Project management CRM
Last updated:
January 2, 2026
Company details
HQ
London, UK
HEADCOUNT
1000-2999
ORG TYPE
Startup
SECTOR
Technology & Digital
About the company
Monday.com is a work management software company behind the monday Work OS and related products like monday CRM, monday dev, and monday service. The company sells subscription software used by teams to plan projects, run workflows, and track work across departments. monday.com serves a wide range of customers from small businesses to enterprise teams, across industries like marketing, product development, sales, operations, and IT. The company operates globally with multi-city teams and local offices.
Locations and presence
Monday.com lists roles across hubs including Tel Aviv, New York, Denver, London, Warsaw, Sydney, São Paulo, Tokyo, and additional US cities, with some roles tagged as Remote (US) or Remote (LATAM). Role pages show a mix of hybrid expectations and location-specific hiring rather than one universal remote policy.
Palpable Score
64.0
/ 100
Monday.com has credible early-career entry points through some graduate-friendly job requirements and historical internship listings, plus a well-explained interview process in the company’s engineering content. Pay transparency and stability look decent in several US postings that include salary ranges and standard benefits language.
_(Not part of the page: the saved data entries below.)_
lemma sstar_integral_upper: "sstar_integral \<le> ennreal sstar_upper_bound"
proof -
  have "sstar_integral \<le> (\<integral>\<^sup>+t. ennreal ((b/(b-1)) powr q) * (ennreal (t powr (q*c - 1)) * indicator {0<..<1} t)
       + enn_powr (tail t) q * ennreal (t powr (q*c - 1)) * indicator {1..} t \<partial>lborel)"
    unfolding sstar_integral_def
  proof (intro nn_integral_mono)
    fix t show "enn_powr (tail t) q * ennreal (t powr (q*c - 1)) * indicator {0<..} t
      \<le> ennreal ((b/(b-1)) powr q) * (ennreal (t powr (q*c - 1)) * indicator {0<..<1} t)
       + enn_powr (tail t) q * ennreal (t powr (q*c - 1)) * indicator {1..} t"
    proof (cases "0 < t \<and> t < 1")
      case True
      have "enn_powr (tail t) q \<le> enn_powr (ennreal (b/(b-1))) q"
        using tail_le[of t] True q_pos by (intro enn_powr_mono) auto
      then have "enn_powr (tail t) q \<le> ennreal ((b/(b-1)) powr q)" using b_gt_1 by simp
      then show ?thesis using True by (auto simp: indicator_def intro: mult_right_mono)
    next
      case False
      then consider "t \<le> 0" | "1 \<le> t" by linarith
      then show ?thesis by cases (auto simp: indicator_def)
    qed
  qed
  also have "\<dots> = ennreal ((b/(b-1)) powr q) * (\<integral>\<^sup>+t. ennreal (t powr (q*c - 1)) * indicator {0<..<1} t \<partial>lborel)
       + (\<integral>\<^sup>+t. enn_powr (tail t) q * ennreal (t powr (q*c - 1)) * indicator {1..} t \<partial>lborel)"
    by (subst nn_integral_add) (auto simp: nn_integral_cmult)
  also have "(\<integral>\<^sup>+t. ennreal (t powr (q*c - 1)) * indicator {0<..<1} t \<partial>lborel) = ennreal (1 powr (q*c - 1 + 1) / (q*c - 1 + 1))"
    by (rule nn_integral_powr_Ioo_0) (use q_pos c_pos in auto)
  also have "(\<integral>\<^sup>+t. enn_powr (tail t) q * ennreal (t powr (q*c - 1)) * indicator {1..} t \<partial>lborel) = ennreal sstar_lower_bound"
    by (rule nn_integral_tail_Ici_1)
  also have "ennreal ((b/(b-1)) powr q) * ennreal (1 powr (q*c - 1 + 1) / (q*c - 1 + 1)) + ennreal sstar_lower_bound = ennreal sstar_upper_bound"
  proof -
    have "0 \<le> sstar_lower_bound" unfolding sstar_lower_bound_def using q_pos a_less_b by simp
    moreover have "0 \<le> 1 / (q*c)" using q_pos c_pos by simp
    ultimately show ?thesis unfolding sstar_upper_bound_def using q_pos c_pos
      by (simp add: ennreal_mult[symmetric] ennreal_plus[symmetric] del: ennreal_mult ennreal_plus)
  qed
  finally show ?thesis .
qed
The score is held back by limited public, early-career-specific outcomes data, especially on promotion timelines, retention, and conversion rates.
Pillar 1: Early-career access

Score

12.2
/ 20
  • The company posts roles that read as accessible to early-career candidates, including positions where requirements lean on traits and baseline skills rather than a fixed years-of-experience gate.
  • Monday.com has published role requirements that explicitly treat prior experience as “an advantage” rather than mandatory in some postings that target strong graduates.
  • The company does not publish a visible, recurring graduate cohort or internship intake size on the main careers surface, so scale and consistency are hard to confirm.
  • Pillar 2: Hiring fairness and transparency

    Score

    14.0
    / 20
  • The company publicly explains key stages of technical interviewing in engineering content, including what the early screen is for and why assignments appear later.
  • Monday.com has extensive candidate-reported interview stage data showing repeatable steps like recruiter screens, skills tests, and presentations across many interviews.
  • The company has mixed signals on assessment clarity, with some candidate reports describing time-bounded take-home work but unclear expectations on how deliverables should be presented.
  • Pillar 3: Learning and support

    Score

    13.3
    / 20
  • The company highlights “transparency and knowledge sharing” directly inside role pages, alongside benefits language that points to wellness and support infrastructure.
  • Monday.com has employee review evidence referencing onboarding and continued training, which is a concrete signal of structured ramp-up for new joiners.
  • The company also has employee feedback describing uneven onboarding quality, which suggests the learning experience can vary by team and manager.
  • Pillar 4: Pay fairness and stability

    Score

    13.0
    / 20
  • The company includes explicit salary ranges for some location-based hires, such as New York City roles with a stated base range and references to bonus or equity plans.
  • Monday.com has third-party compensation datasets (including salary aggregators and Levels-style submissions) that indicate stable full-time pay benchmarking across common job families.
  • The company does not show consistent pay ranges across all regions and early-career titles, so transparency depends heavily on location and posting type.
  • Pillar 5: Early-career outcomes

    Score

    11.5
    / 20
  • The company has employee review evidence describing structured career paths and internal progression framing, but that feedback is not segmented to early-career cohorts.
  • Monday.com has public LinkedIn profile patterns showing movement from associate and advocate-style roles into more senior customer-facing and implementation roles over time, suggesting at least some internal progression routes.
  • The company has employee review evidence mentioning notable departures after several years at the company, and monday.com does not publish retention or early-career promotion metrics that would let candidates judge outcomes with confidence.